Would you transcribe the line that holds "sig ?Z ?B \<Longrightarrow> iota_inj (pi11", plus every line beneath it through the end of the data, exactly and with nothing added?

Stored data:
>>>>

(* Let $(M,J)$ be a closed almost complex manifold. If $J$ is $C^{\infty}$ full then both $\iota^{1,1}$ and $\iota^{(2,0),(0,2)}$ are surjective. Consequently, if $J$ is $C^{\infty}$ pure and full, then both $\iota^{1,1}$ and $\iota^{(2,0),(0,2)}$ are isomorphisms.
   Context: Real 2-forms split as $J$-invariant ($\alpha(Jv,Jw)=\alpha(v,w)$, the space $\Omega^{1,1}$) plus $J$-anti-invariant ($\alpha(Jv,Jw)=-\alpha(v,w)$, the space $\Omega^{(2,0),(0,2)}$), with projections $\pi^{1,1},\pi^{(2,0),(0,2)}$. $\mathbf Z,\mathbf B$ are the closed and exact real 2-forms; for $S=(1,1)$ or $(2,0),(0,2)$, $\mathbf Z^S=\mathbf Z\cap\Omega^S$, $\mathbf B^S=\mathbf B\cap\Omega^S$, and $\iota^{S}:\mathbf Z^S/\mathbf B^S\to\pi^S\mathbf Z/\pi^S\mathbf B$ is induced by inclusion. $H_J^{S}(M)_{\mathbb R}=\mathbf Z^S/\mathbf B^S$, viewed as a subspace of $H^2(M;\mathbb R)$. $J$ is $C^\infty$ pure if $H_J^{1,1}(M)_{\mathbb R}\cap H_J^{(2,0),(0,2)}(M)_{\mathbb R}=0$, and $C^\infty$ full if $H_J^{1,1}(M)_{\mathbb R}+H_J^{(2,0),(0,2)}(M)_{\mathbb R}=H^2(M;\mathbb R)$. *)

theory Defs
  imports Main "HOL.Real_Vector_Spaces"
begin

text \<open>Abstract model: 'b = real 2-forms, 'a = real 1-forms, 'c = real 3-forms on M.
  d1 : 1-forms \<rightarrow> 2-forms and d2 : 2-forms \<rightarrow> 3-forms are the exterior derivatives,
  sig is the action of J on 2-forms, sig alpha (v,w) = alpha (Jv, Jw).\<close>

definition Omega11 :: "('b::real_vector \<Rightarrow> 'b) \<Rightarrow> 'b set" where
  "Omega11 sig = {\<alpha>. sig \<alpha> = \<alpha>}"

definition Omega2002 :: "('b::real_vector \<Rightarrow> 'b) \<Rightarrow> 'b set" where
  "Omega2002 sig = {\<alpha>. sig \<alpha> = - \<alpha>}"

definition pi11 :: "('b::real_vector \<Rightarrow> 'b) \<Rightarrow> 'b \<Rightarrow> 'b" where
  "pi11 sig \<alpha> = scaleR (1/2) (\<alpha> + sig \<alpha>)"

definition pi2002 :: "('b::real_vector \<Rightarrow> 'b) \<Rightarrow> 'b \<Rightarrow> 'b" where
  "pi2002 sig \<alpha> = scaleR (1/2) (\<alpha> - sig \<alpha>)"

definition closedZ :: "('b::real_vector \<Rightarrow> 'c::real_vector) \<Rightarrow> 'b set" where
  "closedZ d2 = {\<alpha>. d2 \<alpha> = 0}"

definition exactB :: "('a::real_vector \<Rightarrow> 'b::real_vector) \<Rightarrow> 'b set" where
  "exactB d1 = range d1"

text \<open>iota^S : Z^S/B^S \<rightarrow> pi^S Z / pi^S B, [w] \<mapsto> [w]; surjectivity and injectivity.\<close>
definition iota_surj :: "('b::real_vector \<Rightarrow> 'b) \<Rightarrow> 'b set \<Rightarrow> 'b set \<Rightarrow> 'b set \<Rightarrow> bool" where
  "iota_surj p OS Z B \<longleftrightarrow> (\<forall>y\<in>p ` Z. \<exists>w\<in>Z \<inter> OS. y - w \<in> p ` B)"

definition iota_inj :: "('b::real_vector \<Rightarrow> 'b) \<Rightarrow> 'b set \<Rightarrow> 'b set \<Rightarrow> 'b set \<Rightarrow> bool" where
  "iota_inj p OS Z B \<longleftrightarrow> (\<forall>w\<in>Z \<inter> OS. w \<in> p ` B \<longrightarrow> w \<in> B \<inter> OS)"

definition iota_iso :: "('b::real_vector \<Rightarrow> 'b) \<Rightarrow> 'b set \<Rightarrow> 'b set \<Rightarrow> 'b set \<Rightarrow> bool" where
  "iota_iso p OS Z B \<longleftrightarrow> iota_surj p OS Z B \<and> iota_inj p OS Z B"

text \<open>C^\<infinity> pure: H^{1,1} \<inter> H^{(2,0),(0,2)} = 0 inside H^2 = Z/B.\<close>
definition Cinf_pure :: "('b::real_vector \<Rightarrow> 'b) \<Rightarrow> 'b set \<Rightarrow> 'b set \<Rightarrow> bool" where
  "Cinf_pure sig Z B \<longleftrightarrow>
     (\<forall>a\<in>Z \<inter> Omega11 sig. \<forall>b\<in>Z \<inter> Omega2002 sig. a - b \<in> B \<longrightarrow> a \<in> B)"

text \<open>C^\<infinity> full: H^{1,1} + H^{(2,0),(0,2)} = H^2.\<close>
definition Cinf_full :: "('b::real_vector \<Rightarrow> 'b) \<Rightarrow> 'b set \<Rightarrow> 'b set \<Rightarrow> bool" where
  "Cinf_full sig Z B \<longleftrightarrow>
     (\<forall>z\<in>Z. \<exists>a\<in>Z \<inter> Omega11 sig. \<exists>b\<in>Z \<inter> Omega2002 sig. z - a - b \<in> B)"

end

theory Submission
  imports Defs
begin

text \<open>Surjectivity: by fullness a closed \<open>z\<close> differs from \<open>a + b\<close>, with \<open>a\<close>, \<open>b\<close> closed of
  pure type, by an exact form \<open>\<epsilon>\<close>, so \<open>pi11 z = a + pi11 \<epsilon>\<close>.
  Injectivity: if a closed (1,1)-form \<open>w\<close> equals \<open>pi11 \<beta>\<close> with \<open>\<beta>\<close> exact, the other component
  \<open>u = \<beta> - w\<close> is closed of type (2,0),(0,2) and \<open>w - (-u) = \<beta>\<close> is exact, so purity makes \<open>w\<close>
  exact. Replacing the action \<open>\<sigma>\<close> of \<open>J\<close> by \<open>-\<sigma>\<close> swaps the two types and preserves fullness and
  purity, so the claims about type (2,0),(0,2) follow from those about type (1,1).\<close>

lemma pi11_plus_pi2002: "pi11 sig \<alpha> + pi2002 sig \<alpha> = \<alpha>"
proof -
  have "pi11 sig \<alpha> + pi2002 sig \<alpha> = (1/2) *\<^sub>R (\<alpha> + \<alpha>)"
    unfolding pi11_def pi2002_def by (simp add: algebra_simps)
  then show ?thesis by (simp flip: scaleR_2)
qed

lemma linear_pi11: "linear sig \<Longrightarrow> linear (pi11 sig)"
  unfolding pi11_def by (rule linearI) (simp_all add: linear_add linear_scale algebra_simps)

lemma pi11_Omega11: "\<alpha> \<in> Omega11 sig \<Longrightarrow> pi11 sig \<alpha> = \<alpha>"
  unfolding pi11_def Omega11_def by (simp flip: scaleR_add_right)

lemma pi11_Omega2002: "\<alpha> \<in> Omega2002 sig \<Longrightarrow> pi11 sig \<alpha> = 0"
  unfolding pi11_def Omega2002_def by simp

lemma pi2002_in_Omega2002:
  assumes "linear sig" and "\<And>\<alpha>. sig (sig \<alpha>) = \<alpha>"
  shows "pi2002 sig \<alpha> \<in> Omega2002 sig"
  unfolding pi2002_def Omega2002_def
  using assms by (simp add: linear_scale linear_diff algebra_simps)

lemma pi11_uminus: "pi11 (\<lambda>\<alpha>. - sig \<alpha>) = pi2002 sig"
  unfolding pi11_def pi2002_def by auto

lemma Omega11_uminus: "Omega11 (\<lambda>\<alpha>. - sig \<alpha>) = Omega2002 sig"
  unfolding Omega11_def Omega2002_def by (auto simp: minus_equation_iff)

lemma Omega2002_uminus: "Omega2002 (\<lambda>\<alpha>. - sig \<alpha>) = Omega11 sig"
  unfolding Omega11_def Omega2002_def by auto

lemma Cinf_full_uminus: "Cinf_full (\<lambda>\<alpha>. - sig \<alpha>) Z B = Cinf_full sig Z B"
  unfolding Cinf_full_def Omega11_uminus Omega2002_uminus
  by (metis (no_types, lifting) diff_right_commute)

lemma Cinf_pure_uminus:
  assumes "subspace B" and "Cinf_pure sig Z B"
  shows "Cinf_pure (\<lambda>\<alpha>. - sig \<alpha>) Z B"
  unfolding Cinf_pure_def Omega11_uminus Omega2002_uminus
proof (intro ballI impI)
  fix a b assume a: "a \<in> Z \<inter> Omega2002 sig" and b: "b \<in> Z \<inter> Omega11 sig" and ab: "a - b \<in> B"
  have "b - a \<in> B" using subspace_neg[OF assms(1) ab] by simp
  then have "b \<in> B" using assms(2) a b unfolding Cinf_pure_def by blast
  then show "a \<in> B" using subspace_add[OF assms(1) ab, of b] by simp
qed

lemma iota_surj_pi11:
  assumes "linear sig" and "Cinf_full sig Z B"
  shows "iota_surj (pi11 sig) (Omega11 sig) Z B"
  unfolding iota_surj_def
proof
  fix y assume "y \<in> pi11 sig ` Z"
  then obtain z where z: "z \<in> Z" "y = pi11 sig z" by blast
  with assms(2) obtain a b where a: "a \<in> Z \<inter> Omega11 sig" and b: "b \<in> Z \<inter> Omega2002 sig"
    and e: "z - a - b \<in> B" unfolding Cinf_full_def by blast
  have "pi11 sig (z - a - b) = y - a"
    using z a b by (simp add: linear_diff[OF linear_pi11[OF assms(1)]] pi11_Omega11 pi11_Omega2002)
  then show "\<exists>w\<in>Z \<inter> Omega11 sig. y - w \<in> pi11 sig ` B"
    using a e by (metis image_eqI)
qed

lemma iota_inj_pi11:
  assumes "linear sig" and "\<And>\<alpha>. sig (sig \<alpha>) = \<alpha>"
    and "subspace Z" and "B \<subseteq> Z" and "Cinf_pure sig Z B"
  shows "iota_inj (pi11 sig) (Omega11 sig) Z B"
  unfolding iota_inj_def
proof (intro ballI impI)
  fix w assume w: "w \<in> Z \<inter> Omega11 sig" and "w \<in> pi11 sig ` B"
  then obtain \<beta> where \<beta>: "\<beta> \<in> B" and w_eq: "w = pi11 sig \<beta>" by blast
  define u where "u = pi2002 sig \<beta>"
  have \<beta>_eq: "\<beta> = w + u"
    unfolding w_eq u_def by (simp add: pi11_plus_pi2002)
  have "- u \<in> Z"
    using \<beta>_eq subspace_diff[OF assms(3), of w \<beta>] w \<beta> assms(4) by auto
  moreover have "- u \<in> Omega2002 sig"
    using pi2002_in_Omega2002[OF assms(1,2)] assms(1)
    by (simp add: u_def Omega2002_def linear_neg)
  ultimately have "w \<in> B"
    using assms(5) w \<beta> \<beta>_eq unfolding Cinf_pure_def by (metis IntI diff_minus_eq_add)
  with w show "w \<in> B \<inter> Omega11 sig" by blast
qed

theorem lemma2p11:
  fixes d1 :: "'a::real_vector \<Rightarrow> 'b::real_vector"
    and d2 :: "'b \<Rightarrow> 'c::real_vector"
    and sig :: "'b \<Rightarrow> 'b"
  assumes "linear d1" and "linear d2" and "linear sig"
    and "\<And>\<alpha>. sig (sig \<alpha>) = \<alpha>"
    and "\<And>\<beta>. d2 (d1 \<beta>) = 0"
  shows "(Cinf_full sig (closedZ d2) (exactB d1) \<longrightarrow>
            iota_surj (pi11 sig) (Omega11 sig) (closedZ d2) (exactB d1) \<and>
            iota_surj (pi2002 sig) (Omega2002 sig) (closedZ d2) (exactB d1))
       \<and> (Cinf_pure sig (closedZ d2) (exactB d1) \<and> Cinf_full sig (closedZ d2) (exactB d1) \<longrightarrow>
            iota_iso (pi11 sig) (Omega11 sig) (closedZ d2) (exactB d1) \<and>
            iota_iso (pi2002 sig) (Omega2002 sig) (closedZ d2) (exactB d1))"
proof -
  let ?Z = "closedZ d2" and ?B = "exactB d1" and ?sig' = "\<lambda>\<alpha>. - sig \<alpha>"
  have Z: "subspace ?Z"
    unfolding closedZ_def using assms(2) by (rule linear_subspace_kernel)
  have B: "subspace ?B"
    unfolding exactB_def using assms(1) subspace_UNIV by (rule linear_subspace_image)
  have BZ: "?B \<subseteq> ?Z"
    using assms(5) by (auto simp: exactB_def closedZ_def)
  have sig': "linear ?sig'" "\<And>\<alpha>. ?sig' (?sig' \<alpha>) = \<alpha>"
    using assms(3,4) by (simp_all add: linear_compose_neg linear_neg)
  have "Cinf_full sig ?Z ?B \<Longrightarrow> iota_surj (pi11 sig) (Omega11 sig) ?Z ?B"
    using iota_surj_pi11[OF assms(3)] .
  moreover have "Cinf_full sig ?Z ?B \<Longrightarrow> iota_surj (pi2002 sig) (Omega2002 sig) ?Z ?B"
    using iota_surj_pi11[OF sig'(1), of ?Z ?B]
    by (simp add: pi11_uminus Omega11_uminus Cinf_full_uminus)
  moreover have "Cinf_pure sig ?Z ?B \<Longrightarrow> iota_inj (pi11 sig) (Omega11 sig) ?Z ?B"
    using iota_inj_pi11[OF assms(3,4) Z BZ] .
  moreover have "Cinf_pure sig ?Z ?B \<Longrightarrow> iota_inj (pi2002 sig) (Omega2002 sig) ?Z ?B"
    using iota_inj_pi11[OF sig' Z BZ Cinf_pure_uminus[OF B]]
    by (simp add: pi11_uminus Omega11_uminus)
  ultimately show ?thesis
    unfolding iota_iso_def by blast
qed

end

<<<<

Completed exercise
  moreover have "Cinf_pure sig ?Z ?B \<Longrightarrow> iota_inj (pi11 sig) (Omega11 sig) ?Z ?B"
    using iota_inj_pi11[OF assms(3,4) Z BZ] .
  moreover have "Cinf_pure sig ?Z ?B \<Longrightarrow> iota_inj (pi2002 sig) (Omega2002 sig) ?Z ?B"
    using iota_inj_pi11[OF sig' Z BZ Cinf_pure_uminus[OF B]]
    by (simp add: pi11_uminus Omega11_uminus)
  ultimately show ?thesis
    unfolding iota_iso_def by blast
qed

end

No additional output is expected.